Its rigorous approach – including the requirement for a doctor visit, the need to meet three different ME/CFS criteria, and the use of a separate panel of doctors to make the actual assessment – would, I would think, put its findings beyond reproach.

This study is important in so many ways. Since the two large community-based CDC studies in the 2000’s assessed adult prevalence, if its results can be extrapolated to the rest of the U.S., it would substantially boost the potential number of people with ME/CFS in this country by a quarter or a half (depending on which prior assessment is used).

With approximately 74 million children in the U.S., if my math is correct, this study suggests that about 555,000 children in the U.S. may have ME/CFS – of whom at least 525,000 have not been diagnosed.
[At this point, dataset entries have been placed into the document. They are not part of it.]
text \<open>\<open>Z Y - Y Z\<close> is the derivative at \<open>0\<close> of \<open>exp (s Z) Y exp (- s Z)\<close>, a curve in the closed
  subspace \<open>lie_algebra G\<close>.\<close>

lemma lie_algebra_bracket_closed:
  assumes "Z \<in> lie_algebra G" and "Y \<in> lie_algebra G"
  shows "Z ** Y - Y ** Z \<in> lie_algebra G"
proof -
  define f where "f s = mexp (s *\<^sub>R Z) ** Y ** matrix_inv (mexp (s *\<^sub>R Z))" for s
  have f: "f s = mat_of_endo (exp (s *\<^sub>R endo_of_mat Z) * endo_of_mat Y * exp (s *\<^sub>R (- endo_of_mat Z)))" for s
    by (simp add: f_def mexp_minus endo_of_mat_simps endo_of_mat_mexp flip: endo_of_mat_eq_iff)
  have "((\<lambda>s. exp (s *\<^sub>R endo_of_mat Z) * endo_of_mat Y * exp (s *\<^sub>R (- endo_of_mat Z)))
      has_vector_derivative exp (0 *\<^sub>R endo_of_mat Z) * endo_of_mat Y * ((- endo_of_mat Z) * exp (0 *\<^sub>R (- endo_of_mat Z)))
        + (exp (0 *\<^sub>R endo_of_mat Z) * 0 + (endo_of_mat Z * exp (0 *\<^sub>R endo_of_mat Z)) * endo_of_mat Y)
          * exp (0 *\<^sub>R (- endo_of_mat Z))) (at 0)"
    by (intro has_vector_derivative_mult has_vector_derivative_const exp_scaleR_has_vector_derivative_left)
  from bounded_linear.has_vector_derivative[OF bounded_linear_mat_of_endo this]
  moreover have "mat_of_endo (endo_of_mat Z * endo_of_mat Y - endo_of_mat Y * endo_of_mat Z) = Z ** Y - Y ** Z"
    by (metis endo_of_mat_mult endo_of_mat_diff mat_of_endo_inverse)
  ultimately have "(f has_vector_derivative Z ** Y - Y ** Z) (at 0)"
    unfolding f[abs_def] by simp
  moreover have "f s \<in> lie_algebra G" for s
    using lie_algebra_conj_closed[OF G _ \<open>Y \<in> lie_algebra G\<close>] \<open>Z \<in> lie_algebra G\<close>
    by (simp add: f_def lie_algebra_def)
  ultimately show ?thesis
    using vector_derivative_in_closed_subspace[OF closed_subspace subspace_lie_algebra]
      subspace_lie_algebra by blast
qed

lemma wedge_ad_mat: "W (ad_mat W z *v y) = W z ** W y - W y ** W z"
proof -
  have bracket: "W z ** W y - W y ** W z \<in> lie_algebra G" for y
    by (intro lie_algebra_bracket_closed wedge_in_lie_algebra)
  have "linear (\<lambda>y. vee W (W z ** W y - W y ** W z))"
    by (rule linear_vee_comp[OF linear_matrix_commutator bracket])
  thus ?thesis
    unfolding ad_mat_def using matrix_works[of "\<lambda>y. vee W (W z ** W y - W y ** W z)"] wedge_vee[OF bracket]
    by (simp add: linear_matrix_vector_mul_eq)
qed

lemma wedge_Ad_mat:
  assumes "X \<in> G"
  shows "W (Ad_mat W X *v y) = X ** W y ** matrix_inv X"
proof -
  have conj: "X ** W y ** matrix_inv X \<in> lie_algebra G" for y
    by (rule lie_algebra_conj_closed[OF G assms wedge_in_lie_algebra])
  have "linear (\<lambda>y. vee W (X ** W y ** matrix_inv X))"
    by (rule linear_vee_comp[OF linear_matrix_conj conj])
  thus ?thesis
    unfolding Ad_mat_def using matrix_works[of "\<lambda>y. vee W (X ** W y ** matrix_inv X)"] wedge_vee[OF conj]
    by (simp add: linear_matrix_vector_mul_eq)
qed

lemma ad_mat_antisym: "ad_mat W z *v y = - (ad_mat W y *v z)"
proof (rule injD[OF inj_wedge])
  show "W (ad_mat W z *v y) = W (- (ad_mat W y *v z))"
    by (simp add: wedge_ad_mat linear_neg[OF linear_wedge])
qed

lemma ad_iter_wedge:
  "ad_iter (endo_of_mat (W z)) k (endo_of_mat (W y)) = endo_of_mat (W (mpow (ad_mat W z) k *v y))"
  by (induction k)
    (simp_all add: ad_iter_Suc mpow_Suc matrix_vector_mul_assoc[symmetric] wedge_ad_mat endo_of_mat_simps)

lemma dexp_wedge: "dexp (endo_of_mat (W z)) (endo_of_mat (W y)) = endo_of_mat (W (dexp_series W z *v y))"
proof -
  have "summable (\<lambda>k. ((-1)^k / fact (k + 1)) *\<^sub>R mpow (ad_mat W z) k)"
    using summable_mat_exprel[of "- ad_mat W z"] by (simp add: mpow_minus)
  from bounded_linear.suminf[OF bounded_linear_endo_of_mat_wedge_mult[of y] this]
  show ?thesis
    by (simp add: dexp_series_def dexp_def dexp_term_def ad_iter_wedge scaleR_matrix_vector_assoc[symmetric]
        linear_scale[OF linear_wedge] endo_of_mat_scaleR)
qed

lemma exp_conj_wedge:
  "exp (- endo_of_mat (W z)) * endo_of_mat (W v) * exp (endo_of_mat (W z))
    = endo_of_mat (W (mexp (- ad_mat W z) *v v))"
proof -
  from bounded_linear.suminf[OF bounded_linear_endo_of_mat_wedge_mult[of v] summable_mexp[of "- ad_mat W z"]]
  have "endo_of_mat (W (mexp (- ad_mat W z) *v v)) = (\<Sum>k. 1^k *\<^sub>R Ad_exp_term (endo_of_mat (W z)) (endo_of_mat (W v)) k)"
    by (simp add: mexp_def Ad_exp_term_def ad_iter_wedge mpow_minus scaleR_matrix_vector_assoc[symmetric]
        linear_scale[OF linear_wedge] endo_of_mat_scaleR)
  thus ?thesis using exp_conj_eq_Ad_exp_series[of 1] by simp
qed

lemma left_invariant_error_dynamics:
  fixes X Xb :: "real \<Rightarrow> real^'m^'m" and \<zeta> :: "real \<Rightarrow> real^'n"
  assumes XG: "\<And>s. X s \<in> G"
    and dX: "(X has_vector_derivative (X t ** W L + W R ** X t)) (at t)"
    and dXb: "(Xb has_vector_derivative (Xb t ** W Lb + W Rb ** Xb t)) (at t)"
    and eta: "\<And>s. matrix_inv (X s) ** Xb s = mexp (W (\<zeta> s))"
    and dz: "(\<zeta> has_vector_derivative z') (at t)"
  shows "dexp_series W (\<zeta> t) *v z' = Lb - mexp (- ad_mat W (\<zeta> t)) *v (L + Ad_mat W (matrix_inv (X t)) *v (R - Rb))"
proof -
  let ?e = "\<lambda>A. endo_of_mat (W A)"
  have inv: "invertible (X s)" for s by (rule matrix_Lie_group_invertible[OF G XG])
  have "Xb s = X s ** (matrix_inv (X s) ** Xb s)" for s
    by (simp add: matrix_mul_assoc matrix_inv_mult_invertible(1)[OF inv])
  hence Xb: "endo_of_mat (Xb s) = endo_of_mat (X s) * exp (?e (\<zeta> s))" for s
    by (simp add: eta endo_of_mat_mult endo_of_mat_mexp)
  have dx: "((\<lambda>s. endo_of_mat (X s)) has_vector_derivative endo_of_mat (X t) * ?e L + ?e R * endo_of_mat (X t)) (at t)"
    using has_vector_derivative_endo_of_mat[OF dX] by (simp add: endo_of_mat_simps)
  have dxb: "((\<lambda>s. endo_of_mat (Xb s)) has_vector_derivative endo_of_mat (Xb t) * ?e Lb + ?e Rb * endo_of_mat (Xb t)) (at t)"
    using has_vector_derivative_endo_of_mat[OF dXb] by (simp add: endo_of_mat_simps)
  have "?e (dexp_series W (\<zeta> t) *v z') = ?e Lb - exp (- ?e (\<zeta> t))
      * (?e L + endo_of_mat (matrix_inv (X t)) * (?e R - ?e Rb) * endo_of_mat (X t)) * exp (?e (\<zeta> t))"
    using dexp_left_error[OF dx dxb Xb bounded_linear.has_vector_derivative[OF bounded_linear_endo_of_mat_wedge dz]
        endo_of_mat_matrix_inv(1)[OF inv]]
    by (simp add: dexp_wedge)
  also have "endo_of_mat (matrix_inv (X t)) * (?e R - ?e Rb) * endo_of_mat (X t)
      = ?e (Ad_mat W (matrix_inv (X t)) *v (R - Rb))"
    using wedge_Ad_mat[OF matrix_Lie_group_matrix_inv[OF G XG]] matrix_inv_matrix_inv[OF inv]
    by (simp add: endo_of_mat_simps linear_diff[OF linear_wedge])
  also have "?e L + ?e (Ad_mat W (matrix_inv (X t)) *v (R - Rb)) = ?e (L + Ad_mat W (matrix_inv (X t)) *v (R - Rb))"
    by (simp add: linear_add[OF linear_wedge] endo_of_mat_add)
  also have "exp (- ?e (\<zeta> t)) * ?e (L + Ad_mat W (matrix_inv (X t)) *v (R - Rb)) * exp (?e (\<zeta> t))
      = ?e (mexp (- ad_mat W (\<zeta> t)) *v (L + Ad_mat W (matrix_inv (X t)) *v (R - Rb)))"
    by (rule exp_conj_wedge)
  finally have "?e (dexp_series W (\<zeta> t) *v z')
      = ?e (Lb - mexp (- ad_mat W (\<zeta> t)) *v (L + Ad_mat W (matrix_inv (X t)) *v (R - Rb)))"
    by (simp add: linear_diff[OF linear_wedge] endo_of_mat_diff)
  thus ?thesis by (rule injD[OF inj_wedge endo_of_mat_inject])
qed

end

end

theorem theorem1:
  fixes G :: "(real^'m^'m) set"
    and W :: "real^'n \<Rightarrow> real^'m^'m"
    and X Xb :: "real \<Rightarrow> real^'m^'m"
    and l r lb rb \<zeta> :: "real \<Rightarrow> real^'n"
  assumes G: "matrix_Lie_group G"
    and W: "wedge_map G W"
    and XG: "\<And>t. X t \<in> G" and XbG: "\<And>t. Xb t \<in> G"
    and dX: "\<And>t. (X has_vector_derivative (X t ** W (l t) + W (r t) ** X t)) (at t)"
    and dXb: "\<And>t. (Xb has_vector_derivative (Xb t ** W (lb t) + W (rb t) ** Xb t)) (at t)"
    and eta: "\<And>t. matrix_inv (X t) ** Xb t = mexp (W (\<zeta> t))"
    and dz: "\<And>t. \<zeta> differentiable (at t)"
    and inv: "\<And>t. invertible (dexp_series W (\<zeta> t))"
  shows "\<forall>t. (\<zeta> has_vector_derivative
              (- (ad_mat W (lb t) *v \<zeta> t)
               + U_mat W (\<zeta> t) *v ((l t - lb t) + Ad_mat W (matrix_inv (X t)) *v (r t - rb t))))
              (at t)
          \<and> invertible (U_mat W (\<zeta> t))
          \<and> matrix_inv (U_mat W (\<zeta> t))
              = - (\<Sum>k. (1 / fact (k + 1)) *\<^sub>R mpow (ad_mat W (\<zeta> t)) k)"
proof
  fix t
  define M where "M = ad_mat W (\<zeta> t)"
  define w where "w = (l t - lb t) + Ad_mat W (matrix_inv (X t)) *v (r t - rb t)"
  have U: "U_mat W (\<zeta> t) = - (mexp (- M) ** matrix_inv (mat_exprel (- M)))"
    by (simp add: U_mat_def M_def dexp_series_eq_mat_exprel)
  have inv_M: "invertible (mat_exprel (- M))"
    using inv[of t] by (simp add: M_def dexp_series_eq_mat_exprel)
  obtain z' where dz': "(\<zeta> has_vector_derivative z') (at t)"
    using dz vector_derivative_works by blast
  have "mat_exprel (- M) *v z' = lb t - mexp (- M) *v (lb t + w)"
    using left_invariant_error_dynamics[OF W G XG dX dXb eta dz']
    by (simp add: M_def w_def dexp_series_eq_mat_exprel)
  from mat_exprel_equation_solve[OF inv_M this]
  have "z' = - (ad_mat W (lb t) *v \<zeta> t) + U_mat W (\<zeta> t) *v w"
    by (simp add: U M_def ad_mat_antisym[OF W G, of "\<zeta> t" "lb t"])
  with dz' invertible_mexp_mat_exprel[OF inv_M]
  show "(\<zeta> has_vector_derivative - (ad_mat W (lb t) *v \<zeta> t) + U_mat W (\<zeta> t) *v w) (at t)
      \<and> invertible (U_mat W (\<zeta> t))
      \<and> matrix_inv (U_mat W (\<zeta> t)) = - (\<Sum>k. (1 / fact (k + 1)) *\<^sub>R mpow (ad_mat W (\<zeta> t)) k)"
    unfolding U by (simp add: M_def mat_exprel_def)
qed

end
The less than 5% diagnostic rate indicated that almost all children with ME/CFS, as well as their doctors, parents, school officials and friends, are in the dark about what’s happened to them. (Jason had the same finding with adults with ME/CFS in a 1999 study.)

The study raises a big red flag (lots of ill children out there who are not being taken care of) we can use to press federal agencies and medical societies to increase research funding and doctor education. (The NIH, by the way, funded the study.)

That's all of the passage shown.